*EXERCISE INSTRUCTIONS:*
Among the lines below, return each one that contains the word "assms".

--- DATASET RECORDS Enclosed Below ---

lemma divide_blaschke_factor:
  fixes G :: "complex \<Rightarrow> complex"
  assumes hol: "G holomorphic_on ball 0 R1" and r: "0 \<le> r" "r < R" "R < R1"
    and a: "norm a \<le> r" "G a = 0" and nz: "\<beta> \<in> ball 0 R1" "G \<beta> \<noteq> 0"
  obtains H where "H holomorphic_on ball 0 R1"
    and "eSuc (zero_count H (cball 0 r)) = zero_count G (cball 0 r)"
    and "\<And>w. norm w = R \<Longrightarrow> norm (H w) = norm (G w)"
    and "\<And>z. norm z \<le> r \<Longrightarrow> norm (G z) \<le> blaschke_bound r R * norm (H z)"
proof -
  define G1 where "G1 = (\<lambda>z. if z = a then deriv G a else (G z - G a) / (z - a))"
  have holG1: "G1 holomorphic_on ball 0 R1"
    unfolding G1_def by (rule pole_lemma[OF hol]) (use a r in auto)
  have Gfac: "G w = (w - a) * G1 w" for w
    using a by (auto simp: G1_def)
  \<comment> \<open>\<open>H = G / B\<close> for the Blaschke factor \<open>B w = R (w - a) / (R\<^sup>2 - cnj a w)\<close>,
    which has modulus 1 on the circle \<open>|w| = R\<close>\<close>
  define c where "c = (\<lambda>w. (of_real (R\<^sup>2) - cnj a * w) / of_real R)"
  define H where "H = (\<lambda>w. G1 w * c w)"
  have R: "0 < R" "r < R1" using r by auto
  have cball_sub: "cball 0 r \<subseteq> ball (0::complex) R1" using r by auto
  have c_nz: "c w \<noteq> 0" if "w \<in> cball 0 r" for w
  proof -
    have "0 < R\<^sup>2 - r\<^sup>2" using r by (simp add: power_strict_mono)
    also have "\<dots> \<le> norm (of_real (R\<^sup>2) - cnj a * w)"
      using norm_blaschke_denominator_ge[OF a(1)] that by simp
    finally show ?thesis using R by (auto simp: c_def)
  qed
  have G1_nz: "G1 \<beta> \<noteq> 0" using nz Gfac by auto
  show ?thesis
  proof (rule that)
    show "H holomorphic_on ball 0 R1"
      unfolding H_def c_def using R(1) by (intro holomorphic_intros holG1) auto
    have "c holomorphic_on ball 0 R1"
      unfolding c_def using R(1) by (intro holomorphic_intros) auto
    hence "zero_count H (cball 0 r) = zero_count G1 (cball 0 r)"
      unfolding H_def
      by (rule zero_count_mult_nonvanishing[OF holG1 open_ball connected_ball nz(1) G1_nz _ c_nz
            cball_sub])
    also have "eSuc (zero_count G1 (cball 0 r)) = zero_count G (cball 0 r)"
      unfolding Gfac[abs_def]
      by (rule zero_count_linear_factor[OF holG1 open_ball connected_ball nz(1) G1_nz cball_sub,
            symmetric]) (use a in simp)
    finally show "eSuc (zero_count H (cball 0 r)) = zero_count G (cball 0 r)" .
  next
    fix w :: complex assume w: "norm w = R"
    have "w * cnj w = of_real (R\<^sup>2)"
      using w by (metis complex_norm_square mult.commute)
    hence "of_real (R\<^sup>2) - cnj a * w = w * cnj (w - a)"
      by (simp add: algebra_simps)
    hence "norm (of_real (R\<^sup>2) - cnj a * w) = R * norm (w - a)"
      using w by (metis complex_mod_cnj norm_mult)
    hence "norm (c w) = norm (w - a)"
      using R by (simp add: c_def norm_divide)
    thus "norm (H w) = norm (G w)" by (simp add: H_def Gfac norm_mult)
  next
    fix z :: complex assume z: "norm z \<le> r"
    have "R * norm (z - a) \<le> blaschke_bound r R * (norm (c z) * R)"
      using blaschke_factor_bound[OF r(1,2) a(1) z] R by (simp add: c_def norm_divide)
    hence "norm (z - a) \<le> blaschke_bound r R * norm (c z)"
      using R by (simp add: algebra_simps)
    hence "norm (z - a) * norm (G1 z) \<le> blaschke_bound r R * norm (c z) * norm (G1 z)"
      by (rule mult_right_mono) simp
    thus "norm (G z) \<le> blaschke_bound r R * norm (H z)"
      by (simp add: Gfac H_def norm_mult mult_ac)
  qed
qed

lemma norm_le_blaschke_power_if_zeros:
  fixes G :: "complex \<Rightarrow> complex"
  assumes "G holomorphic_on ball 0 R1" and r: "0 \<le> r" "r < R" "R < R1"
    and "zero_count G (cball 0 r) \<ge> enat N"
    and "\<And>w. norm w = R \<Longrightarrow> norm (G w) \<le> B"
    and "norm z \<le> r"
  shows "norm (G z) \<le> blaschke_bound r R ^ N * B"
  using assms(1,5-7)
proof (induction N arbitrary: G z)
  case 0
  have "G holomorphic_on interior (cball 0 R)" "continuous_on (closure (cball 0 R)) G"
    using 0(1) r by (auto intro!: holomorphic_on_imp_continuous_on elim!: holomorphic_on_subset)
  hence "norm (G z) \<le> B"
    by (rule maximum_modulus_frontier[OF _ _ bounded_cball]) (use 0(3,4) r in auto)
  thus ?case by simp
next
  case (Suc N)
  have q: "0 \<le> blaschke_bound r R" using r by (simp add: blaschke_bound_nonneg)
  have "0 < zero_count G (cball 0 r)"
    using Suc.prems(2) by (rule less_le_trans[rotated]) (simp add: zero_enat_def)
  then obtain a where a: "a \<in> cball 0 r" "G a = 0" by (rule zero_count_pos_imp_zero)
  show ?case
  proof (cases "\<forall>w\<in>ball 0 R1. G w = 0")
    case True
    have "0 \<le> B" using Suc.prems(3)[of "of_real R"] r by (auto intro: order_trans[OF norm_ge_zero])
    thus ?thesis using True Suc.prems(4) r q by simp
  next
    case False
    then obtain \<beta> where \<beta>: "\<beta> \<in> ball 0 R1" "G \<beta> \<noteq> 0" by auto
    obtain H where H: "H holomorphic_on ball 0 R1"
      "eSuc (zero_count H (cball 0 r)) = zero_count G (cball 0 r)"
      "\<And>w. norm w = R \<Longrightarrow> norm (H w) = norm (G w)"
      "\<And>z. norm z \<le> r \<Longrightarrow> norm (G z) \<le> blaschke_bound r R * norm (H z)"
      using divide_blaschke_factor[OF Suc.prems(1) r _ a(2) \<beta>] a(1) by auto
    have "enat N \<le> zero_count H (cball 0 r)"
      using Suc.prems(2) unfolding H(2)[symmetric] eSuc_enat[symmetric] by simp
    hence "norm (H z) \<le> blaschke_bound r R ^ N * B"
      using Suc.IH[OF H(1)] H(3) Suc.prems(3,4) by simp
    hence "blaschke_bound r R * norm (H z) \<le> blaschke_bound r R * (blaschke_bound r R ^ N * B)"
      using q by (rule mult_left_mono)
    thus ?thesis using H(4)[OF Suc.prems(4)] by simp
  qed
qed

definition taylor_coeff :: "(complex \<Rightarrow> complex) \<Rightarrow> nat \<Rightarrow> complex" where
  "taylor_coeff f k = (deriv ^^ k) f 0 / fact k"

lemma taylor_series_sums:
  assumes "f holomorphic_on ball 0 \<rho>" "norm z < \<rho>"
  shows "(\<lambda>k. taylor_coeff f k * z ^ k) sums f z"
  using holomorphic_power_series[OF assms(1), of z] assms(2) by (simp add: taylor_coeff_def)
(* Let $\delta_q$ satisfy $0<\delta_q<\min\left\{\frac{\sqrt2-1}{|\lambda_1|},\frac{2}{|\lambda_1-\lambda_{\max}|}\right\}$ and set $\delta_e=\min\{\delta^*,\delta_q\}$. Then for all $U\in B(V_*,\eta_a)\cap(\mathcal{V}_0)^N\cap\mathcal{M}_{\leqslant}^{N;N_g}$ and all $s\in[0,\delta_e]$, $$E(U)-E(g(U,s))\geqslant s\Big(\frac12-\frac{s}{2}|\lambda_1|\Big)\Big\|\mathcal{A}_{\frac{\hat g(U,s)+U}{2}}\frac{\hat g(U,s)+U}{2}\Big\|^2.$$
   Context: Let $\mathcal{V}^{N_g}$ be a real Hilbert space of finite dimension $N_g$ with inner product $(\cdot,\cdot)$ (in the paper a finite element subspace of $H_0^1(\Omega)$ with the $L^2(\Omega)$ inner product), and let $H:\mathcal{V}^{N_g}\to\mathcal{V}^{N_g}$ be a self-adjoint linear operator with eigenvalues $\lambda_1\leqslant\lambda_2\leqslant\cdots\leqslant\lambda_{N_g}$, $\lambda_{\max}=\lambda_{N_g}$; it is assumed that $\lambda_1<0$. Fix $N<N_g$ with $\lambda_N<\lambda_{N+1}$. Elements of $(\mathcal{V}^{N_g})^N$ are written $U=(u_1,\dots,u_N)$; $U^\top V=((u_i,v_j))_{i,j=1}^N$; for a real $N\times N$ matrix $A=(a_{kj})$, $UA$ is the element whose $j$-th component is $\sum_k a_{kj}u_k$; $HU=(Hu_1,\dots,Hu_N)$; $\|U\|=\operatorname{tr}(U^\top U)^{1/2}$. For symmetric matrices, $A\leqslant B$ means $B-A$ is positive semidefinite and $A>0$ positive definite. Set $E(U)=\frac12\operatorname{tr}(U^\top HU)$ and $\nabla E(U)=HU$. For $U$, $\mathcal{A}_U=\nabla E(U)U^\top-U\nabla E(U)^\top$ is the linear operator on $\mathcal{V}^{N_g}$ given by $\mathcal{A}_Uw=\sum_{i=1}^N\big(Hu_i\,(u_i,w)-u_i\,(Hu_i,w)\big)$, applied componentwise. Quasi-Stiefel set: $\mathcal{M}_{\leqslant}^{N;N_g}=\{U:0<U^\top U\leqslant I_N\}$. Let $V_*\in(\mathcal{V}^{N_g})^N$ with $V_*^\top V_*=I_N$ and $HV_*=V_*\operatorname{diag}(\lambda_1,\dots,\lambda_N)$. $\mathcal{O}^N$ is the set of $N\times N$ orthogonal matrices, $\operatorname{dist}([U],[V_*])=\inf_{Q\in\mathcal{O}^N}\|UQ-V_*\|$, $B(U,\eta)=\{W:\|W-U\|\leqslant\eta\}$, $B([V_*],\eta)=\{W:\operatorname{dist}([W],[V_*])\leqslant\eta\}$. For $j=1,\dots,N$, let $\mathcal{V}_{0_j}=\operatorname{span}\{v_{j,1},\dots,v_{j,d_j}\}$ ($d_j\geqslant1$) with each $v_{j,k}$ an eigenvector of $H$, $(\mathcal{V}_0)^N=\mathcal{V}_{0_1}\times\cdots\times\mathcal{V}_{0_N}$, and $\lambda_{\max}^0=\max_{j,k}\frac{(v_{j,k},Hv_{j,k})}{(v_{j,k},v_{j,k})}$. Standing assumption: $\lambda_{\max}^0\leqslant0$. Fix constants $\eta_a,\eta_b,\delta^*>0$ such that (as asserted in the paper) there is a unique function $\hat g:B(V_*,\eta_a)\times[0,\delta^*]\to B(V_*,\eta_b)$ with $\hat g(U,s)-U=-s\,\mathcal{A}_{\frac{\hat g(U,s)+U}{2}}\frac{\hat g(U,s)+U}{2}$, and a unique function $g:B([V_*],\eta_a)\times[0,\delta^*]\to B([V_*],\eta_b)$ with $g(U,s)=\hat g(U,s)-s\nabla E(\hat g(U,s))\big(I_N-\hat g(U,s)^\top\hat g(U,s)\big)$ (extended from $B(V_*,\eta_a)$ by $g(UQ,s)=g(U,s)Q$, $Q\in\mathcal{O}^N$). One step of the quasi-orthogonal scheme $\hat U_{n+1}=U_n-s_n\mathcal{A}_{\tilde U}\tilde U$, $\tilde U=\frac{U_n+\hat U_{n+1}}2$, $U_{n+1}=\hat U_{n+1}-s_nH\hat U_{n+1}(I_N-\hat U_{n+1}^\top\hat U_{n+1})$ is given by $\hat U_{n+1}=\hat g(U_n,s_n)$, $U_{n+1}=g(U_n,s_n)$. *)

theory Defs
  imports "HOL-Analysis.Analysis"
begin

text \<open>Elements of (V^{N_g})^N are represented as functions nat => 'v, of which only the
components with index i < N matter.  Real N x N matrices are functions nat => nat => real
(entries with indices < N matter).\<close>

definition tinner :: "nat \<Rightarrow> (nat \<Rightarrow> 'v::real_inner) \<Rightarrow> (nat \<Rightarrow> 'v) \<Rightarrow> nat \<Rightarrow> nat \<Rightarrow> real" where
  "tinner N U V = (\<lambda>i j. inner (U i) (V j))"

definition tmul :: "nat \<Rightarrow> (nat \<Rightarrow> 'v::real_vector) \<Rightarrow> (nat \<Rightarrow> nat \<Rightarrow> real) \<Rightarrow> nat \<Rightarrow> 'v" where
  "tmul N U A = (\<lambda>j. \<Sum>k<N. A k j *\<^sub>R U k)"

definition idm :: "nat \<Rightarrow> nat \<Rightarrow> real" where
  "idm = (\<lambda>i j. if i = j then 1 else 0)"

definition tnorm :: "nat \<Rightarrow> (nat \<Rightarrow> 'v::real_inner) \<Rightarrow> real" where
  "tnorm N U = sqrt (\<Sum>i<N. inner (U i) (U i))"

definition tball :: "nat \<Rightarrow> (nat \<Rightarrow> 'v::real_inner) \<Rightarrow> real \<Rightarrow> (nat \<Rightarrow> 'v) set" where
  "tball N U \<eta> = {W. tnorm N (\<lambda>i. W i - U i) \<le> \<eta>}"

definition psd_mat :: "nat \<Rightarrow> (nat \<Rightarrow> nat \<Rightarrow> real) \<Rightarrow> bool" where
  "psd_mat N A \<longleftrightarrow> (\<forall>i<N. \<forall>j<N. A i j = A j i) \<and>
     (\<forall>x::nat \<Rightarrow> real. (\<Sum>i<N. \<Sum>j<N. x i * A i j * x j) \<ge> 0)"

definition pd_mat :: "nat \<Rightarrow> (nat \<Rightarrow> nat \<Rightarrow> real) \<Rightarrow> bool" where
  "pd_mat N A \<longleftrightarrow> (\<forall>i<N. \<forall>j<N. A i j = A j i) \<and>
     (\<forall>x::nat \<Rightarrow> real. (\<exists>i<N. x i \<noteq> 0) \<longrightarrow> (\<Sum>i<N. \<Sum>j<N. x i * A i j * x j) > 0)"

definition quasi_stiefel :: "nat \<Rightarrow> (nat \<Rightarrow> 'v::real_inner) set" where
  "quasi_stiefel N = {U. pd_mat N (tinner N U U) \<and>
        psd_mat N (\<lambda>i j. idm i j - tinner N U U i j)}"

definition energy :: "nat \<Rightarrow> ('v \<Rightarrow> 'v) \<Rightarrow> (nat \<Rightarrow> 'v::real_inner) \<Rightarrow> real" where
  "energy N H U = (1/2) * (\<Sum>i<N. inner (U i) (H (U i)))"

definition Aop :: "nat \<Rightarrow> ('v \<Rightarrow> 'v) \<Rightarrow> (nat \<Rightarrow> 'v::real_inner) \<Rightarrow> 'v \<Rightarrow> 'v" where
  "Aop N H U w = (\<Sum>i<N. inner (U i) w *\<^sub>R H (U i) - inner (H (U i)) w *\<^sub>R U i)"

definition Aapp :: "nat \<Rightarrow> ('v \<Rightarrow> 'v) \<Rightarrow> (nat \<Rightarrow> 'v::real_inner) \<Rightarrow> (nat \<Rightarrow> 'v) \<Rightarrow> nat \<Rightarrow> 'v" where
  "Aapp N H U W = (\<lambda>j. Aop N H U (W j))"

definition midpt :: "(nat \<Rightarrow> 'v::real_vector) \<Rightarrow> (nat \<Rightarrow> 'v) \<Rightarrow> nat \<Rightarrow> 'v" where
  "midpt U W = (\<lambda>i. (1/2::real) *\<^sub>R (U i + W i))"

definition gstep :: "nat \<Rightarrow> ('v \<Rightarrow> 'v) \<Rightarrow> (nat \<Rightarrow> 'v::real_inner) \<Rightarrow> real \<Rightarrow> nat \<Rightarrow> 'v" where
  "gstep N H Gh s = (\<lambda>j. Gh j - s *\<^sub>R tmul N (\<lambda>i. H (Gh i))
        (\<lambda>i k. idm i k - tinner N Gh Gh i k) j)"

definition V0N :: "nat \<Rightarrow> (nat \<Rightarrow> 'v::real_vector set) \<Rightarrow> (nat \<Rightarrow> 'v) set" where
  "V0N N S = {U. \<forall>j<N. U j \<in> span (S j)}"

--- End of Enclosed DATASET RECORDS ---

*ANSWER:*
  using assms(1,5-7)
  using holomorphic_power_series[OF assms(1), of z] assms(2) by (simp add: taylor_coeff_def)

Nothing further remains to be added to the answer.